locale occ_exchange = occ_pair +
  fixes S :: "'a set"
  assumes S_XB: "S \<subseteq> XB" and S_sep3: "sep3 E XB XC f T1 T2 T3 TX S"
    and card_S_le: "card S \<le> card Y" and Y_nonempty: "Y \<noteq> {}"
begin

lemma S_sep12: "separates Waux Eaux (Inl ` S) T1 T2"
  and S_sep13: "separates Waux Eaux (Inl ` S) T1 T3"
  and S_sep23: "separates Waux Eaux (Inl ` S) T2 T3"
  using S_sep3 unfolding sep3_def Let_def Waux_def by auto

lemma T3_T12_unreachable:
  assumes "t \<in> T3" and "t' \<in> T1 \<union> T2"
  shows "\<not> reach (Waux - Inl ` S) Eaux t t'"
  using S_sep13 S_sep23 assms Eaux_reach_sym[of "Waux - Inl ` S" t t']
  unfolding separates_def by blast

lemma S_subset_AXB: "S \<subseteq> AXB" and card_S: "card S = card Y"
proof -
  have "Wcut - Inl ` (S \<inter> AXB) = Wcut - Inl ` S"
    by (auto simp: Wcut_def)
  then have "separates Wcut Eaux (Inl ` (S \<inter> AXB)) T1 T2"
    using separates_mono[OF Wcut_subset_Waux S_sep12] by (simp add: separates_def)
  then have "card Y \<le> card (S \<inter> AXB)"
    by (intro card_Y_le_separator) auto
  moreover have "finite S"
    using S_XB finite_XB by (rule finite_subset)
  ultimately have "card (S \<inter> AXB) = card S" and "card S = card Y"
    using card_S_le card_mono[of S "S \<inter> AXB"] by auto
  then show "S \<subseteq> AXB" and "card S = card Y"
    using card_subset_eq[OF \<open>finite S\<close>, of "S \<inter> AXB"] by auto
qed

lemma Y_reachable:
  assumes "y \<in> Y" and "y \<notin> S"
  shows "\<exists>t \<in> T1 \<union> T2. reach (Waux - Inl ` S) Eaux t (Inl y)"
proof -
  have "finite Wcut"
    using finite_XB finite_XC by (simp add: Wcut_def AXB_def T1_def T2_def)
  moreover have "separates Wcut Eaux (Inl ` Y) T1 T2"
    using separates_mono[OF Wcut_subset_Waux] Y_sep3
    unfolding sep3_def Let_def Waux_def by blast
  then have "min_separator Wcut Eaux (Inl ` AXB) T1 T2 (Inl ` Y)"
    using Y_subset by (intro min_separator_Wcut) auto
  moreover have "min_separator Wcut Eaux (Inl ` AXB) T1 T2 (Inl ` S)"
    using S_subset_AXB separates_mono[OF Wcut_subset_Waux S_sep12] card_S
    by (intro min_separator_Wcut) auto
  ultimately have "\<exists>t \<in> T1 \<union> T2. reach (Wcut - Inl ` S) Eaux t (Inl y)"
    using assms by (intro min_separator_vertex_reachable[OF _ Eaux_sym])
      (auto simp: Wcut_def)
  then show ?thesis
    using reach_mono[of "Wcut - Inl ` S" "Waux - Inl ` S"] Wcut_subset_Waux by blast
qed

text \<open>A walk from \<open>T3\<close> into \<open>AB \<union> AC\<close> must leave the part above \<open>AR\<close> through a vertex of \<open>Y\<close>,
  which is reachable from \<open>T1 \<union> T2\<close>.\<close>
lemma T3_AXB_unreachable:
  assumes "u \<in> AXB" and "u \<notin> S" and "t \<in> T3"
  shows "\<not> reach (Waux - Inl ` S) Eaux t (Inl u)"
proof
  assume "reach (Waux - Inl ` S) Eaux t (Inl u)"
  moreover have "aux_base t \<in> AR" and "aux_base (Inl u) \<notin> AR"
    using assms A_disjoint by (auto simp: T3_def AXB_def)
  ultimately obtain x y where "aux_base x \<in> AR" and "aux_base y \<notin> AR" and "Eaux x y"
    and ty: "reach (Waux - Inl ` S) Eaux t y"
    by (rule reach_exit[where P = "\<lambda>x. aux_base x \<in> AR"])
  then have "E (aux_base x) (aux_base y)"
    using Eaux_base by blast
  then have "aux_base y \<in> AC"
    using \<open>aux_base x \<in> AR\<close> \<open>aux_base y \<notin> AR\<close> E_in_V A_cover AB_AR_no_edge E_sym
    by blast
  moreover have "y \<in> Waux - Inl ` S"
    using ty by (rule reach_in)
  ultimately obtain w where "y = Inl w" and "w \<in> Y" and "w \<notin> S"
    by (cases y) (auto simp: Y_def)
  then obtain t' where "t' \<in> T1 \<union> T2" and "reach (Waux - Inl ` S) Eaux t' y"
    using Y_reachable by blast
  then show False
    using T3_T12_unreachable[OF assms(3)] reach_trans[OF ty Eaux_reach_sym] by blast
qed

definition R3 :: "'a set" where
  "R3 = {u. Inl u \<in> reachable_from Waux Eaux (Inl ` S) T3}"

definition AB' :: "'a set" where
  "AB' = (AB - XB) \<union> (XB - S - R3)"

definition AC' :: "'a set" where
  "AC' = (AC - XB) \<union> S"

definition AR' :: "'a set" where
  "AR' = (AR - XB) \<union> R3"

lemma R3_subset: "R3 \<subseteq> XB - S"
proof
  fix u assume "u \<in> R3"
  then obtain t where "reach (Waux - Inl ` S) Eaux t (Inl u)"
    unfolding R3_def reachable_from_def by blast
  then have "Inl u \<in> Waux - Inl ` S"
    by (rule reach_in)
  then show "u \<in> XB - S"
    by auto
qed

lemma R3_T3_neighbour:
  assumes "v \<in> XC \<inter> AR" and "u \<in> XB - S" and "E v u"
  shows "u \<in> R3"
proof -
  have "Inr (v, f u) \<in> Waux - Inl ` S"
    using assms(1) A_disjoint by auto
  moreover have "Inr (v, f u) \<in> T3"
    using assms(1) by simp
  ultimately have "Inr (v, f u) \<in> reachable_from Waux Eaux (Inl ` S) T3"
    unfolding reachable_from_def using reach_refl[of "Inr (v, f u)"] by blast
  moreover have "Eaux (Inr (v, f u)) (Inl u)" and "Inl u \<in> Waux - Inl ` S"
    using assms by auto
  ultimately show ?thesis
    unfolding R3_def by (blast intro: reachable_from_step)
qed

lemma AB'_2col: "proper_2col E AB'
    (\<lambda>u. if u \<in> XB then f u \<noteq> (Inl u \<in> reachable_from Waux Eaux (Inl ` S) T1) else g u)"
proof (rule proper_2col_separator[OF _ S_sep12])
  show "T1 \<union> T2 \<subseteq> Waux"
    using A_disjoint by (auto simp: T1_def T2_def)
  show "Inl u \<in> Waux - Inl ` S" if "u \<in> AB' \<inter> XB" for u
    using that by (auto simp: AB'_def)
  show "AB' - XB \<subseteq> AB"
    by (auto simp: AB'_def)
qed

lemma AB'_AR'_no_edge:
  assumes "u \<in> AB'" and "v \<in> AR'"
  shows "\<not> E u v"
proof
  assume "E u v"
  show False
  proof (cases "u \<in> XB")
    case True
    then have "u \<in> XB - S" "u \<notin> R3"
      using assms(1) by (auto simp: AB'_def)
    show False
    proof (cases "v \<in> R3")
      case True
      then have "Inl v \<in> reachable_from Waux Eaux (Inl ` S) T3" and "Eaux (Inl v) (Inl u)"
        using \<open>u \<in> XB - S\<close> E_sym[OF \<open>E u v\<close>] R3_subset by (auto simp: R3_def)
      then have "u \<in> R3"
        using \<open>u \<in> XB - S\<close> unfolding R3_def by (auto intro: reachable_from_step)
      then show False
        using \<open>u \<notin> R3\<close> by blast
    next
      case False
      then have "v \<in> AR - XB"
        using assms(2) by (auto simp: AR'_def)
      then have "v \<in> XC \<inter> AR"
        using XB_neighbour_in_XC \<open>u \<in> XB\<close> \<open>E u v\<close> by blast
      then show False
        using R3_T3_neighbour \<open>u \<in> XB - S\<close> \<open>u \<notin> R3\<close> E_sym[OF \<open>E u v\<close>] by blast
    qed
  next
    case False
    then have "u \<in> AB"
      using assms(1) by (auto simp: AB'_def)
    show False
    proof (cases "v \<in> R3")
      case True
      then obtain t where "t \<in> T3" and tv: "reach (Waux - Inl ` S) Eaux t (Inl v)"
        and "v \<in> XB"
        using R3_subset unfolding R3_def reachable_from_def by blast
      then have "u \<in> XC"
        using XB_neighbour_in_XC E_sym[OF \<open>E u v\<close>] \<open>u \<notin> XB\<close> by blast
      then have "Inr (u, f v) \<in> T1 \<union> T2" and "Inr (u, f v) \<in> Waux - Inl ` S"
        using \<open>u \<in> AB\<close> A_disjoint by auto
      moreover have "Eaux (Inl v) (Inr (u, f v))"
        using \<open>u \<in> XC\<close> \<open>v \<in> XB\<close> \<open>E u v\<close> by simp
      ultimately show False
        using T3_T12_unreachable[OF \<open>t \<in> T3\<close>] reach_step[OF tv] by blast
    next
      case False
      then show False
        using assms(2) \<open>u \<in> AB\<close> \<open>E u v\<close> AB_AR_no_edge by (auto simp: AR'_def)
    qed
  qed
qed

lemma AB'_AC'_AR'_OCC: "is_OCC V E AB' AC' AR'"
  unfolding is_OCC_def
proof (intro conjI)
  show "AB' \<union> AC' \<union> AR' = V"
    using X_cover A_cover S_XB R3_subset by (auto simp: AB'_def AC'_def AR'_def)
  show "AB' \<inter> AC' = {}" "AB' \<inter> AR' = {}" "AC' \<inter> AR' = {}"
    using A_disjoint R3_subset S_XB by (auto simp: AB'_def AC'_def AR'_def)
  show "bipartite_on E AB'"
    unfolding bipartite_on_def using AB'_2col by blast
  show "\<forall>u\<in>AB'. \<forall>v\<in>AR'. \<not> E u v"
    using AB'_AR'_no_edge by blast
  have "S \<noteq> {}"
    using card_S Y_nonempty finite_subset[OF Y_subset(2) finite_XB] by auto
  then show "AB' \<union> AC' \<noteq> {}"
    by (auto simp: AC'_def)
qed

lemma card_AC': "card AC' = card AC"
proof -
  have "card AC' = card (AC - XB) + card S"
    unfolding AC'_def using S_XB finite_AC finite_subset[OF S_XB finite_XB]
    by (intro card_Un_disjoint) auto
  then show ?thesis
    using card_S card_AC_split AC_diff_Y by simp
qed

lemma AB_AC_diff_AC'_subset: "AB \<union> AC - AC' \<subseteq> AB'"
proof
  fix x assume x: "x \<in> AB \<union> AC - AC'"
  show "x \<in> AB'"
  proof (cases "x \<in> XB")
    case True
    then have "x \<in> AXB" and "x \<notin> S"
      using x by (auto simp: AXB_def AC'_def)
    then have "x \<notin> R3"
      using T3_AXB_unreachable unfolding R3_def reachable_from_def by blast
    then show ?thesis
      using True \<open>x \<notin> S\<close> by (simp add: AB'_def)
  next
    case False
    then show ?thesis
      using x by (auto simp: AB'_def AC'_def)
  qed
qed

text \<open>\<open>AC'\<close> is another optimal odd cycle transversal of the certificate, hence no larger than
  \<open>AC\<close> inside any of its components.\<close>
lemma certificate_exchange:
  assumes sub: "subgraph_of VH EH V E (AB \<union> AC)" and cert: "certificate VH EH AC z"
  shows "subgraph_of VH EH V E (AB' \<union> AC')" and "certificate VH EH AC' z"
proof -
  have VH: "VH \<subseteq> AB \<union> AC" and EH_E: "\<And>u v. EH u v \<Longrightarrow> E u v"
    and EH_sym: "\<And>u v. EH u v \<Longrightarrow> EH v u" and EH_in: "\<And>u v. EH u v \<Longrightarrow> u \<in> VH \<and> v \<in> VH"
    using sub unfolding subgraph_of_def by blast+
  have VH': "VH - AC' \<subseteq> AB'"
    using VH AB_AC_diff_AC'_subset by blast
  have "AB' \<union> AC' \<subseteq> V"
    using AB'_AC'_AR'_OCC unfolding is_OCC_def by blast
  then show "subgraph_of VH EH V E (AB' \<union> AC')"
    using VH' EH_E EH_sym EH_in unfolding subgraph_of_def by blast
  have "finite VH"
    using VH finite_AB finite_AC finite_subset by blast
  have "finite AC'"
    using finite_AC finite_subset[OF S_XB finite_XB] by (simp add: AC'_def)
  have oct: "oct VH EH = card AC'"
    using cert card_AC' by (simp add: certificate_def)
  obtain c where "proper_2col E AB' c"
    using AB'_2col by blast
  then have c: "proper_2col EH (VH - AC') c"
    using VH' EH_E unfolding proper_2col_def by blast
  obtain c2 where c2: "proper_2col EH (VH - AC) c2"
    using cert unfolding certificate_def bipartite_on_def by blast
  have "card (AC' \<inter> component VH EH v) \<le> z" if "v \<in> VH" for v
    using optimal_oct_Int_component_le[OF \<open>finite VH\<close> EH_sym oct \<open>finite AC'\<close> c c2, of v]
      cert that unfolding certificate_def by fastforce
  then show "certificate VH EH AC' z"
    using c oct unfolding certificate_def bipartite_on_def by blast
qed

▶ Assignment: Identify the lines above that contain the word "exists", then copy them.

▶ Expected output:
  shows "\<exists>t \<in> T1 \<union> T2. reach (Waux - Inl ` S) Eaux t (Inl y)"
  ultimately have "\<exists>t \<in> T1 \<union> T2. reach (Wcut - Inl ` S) Eaux t (Inl y)"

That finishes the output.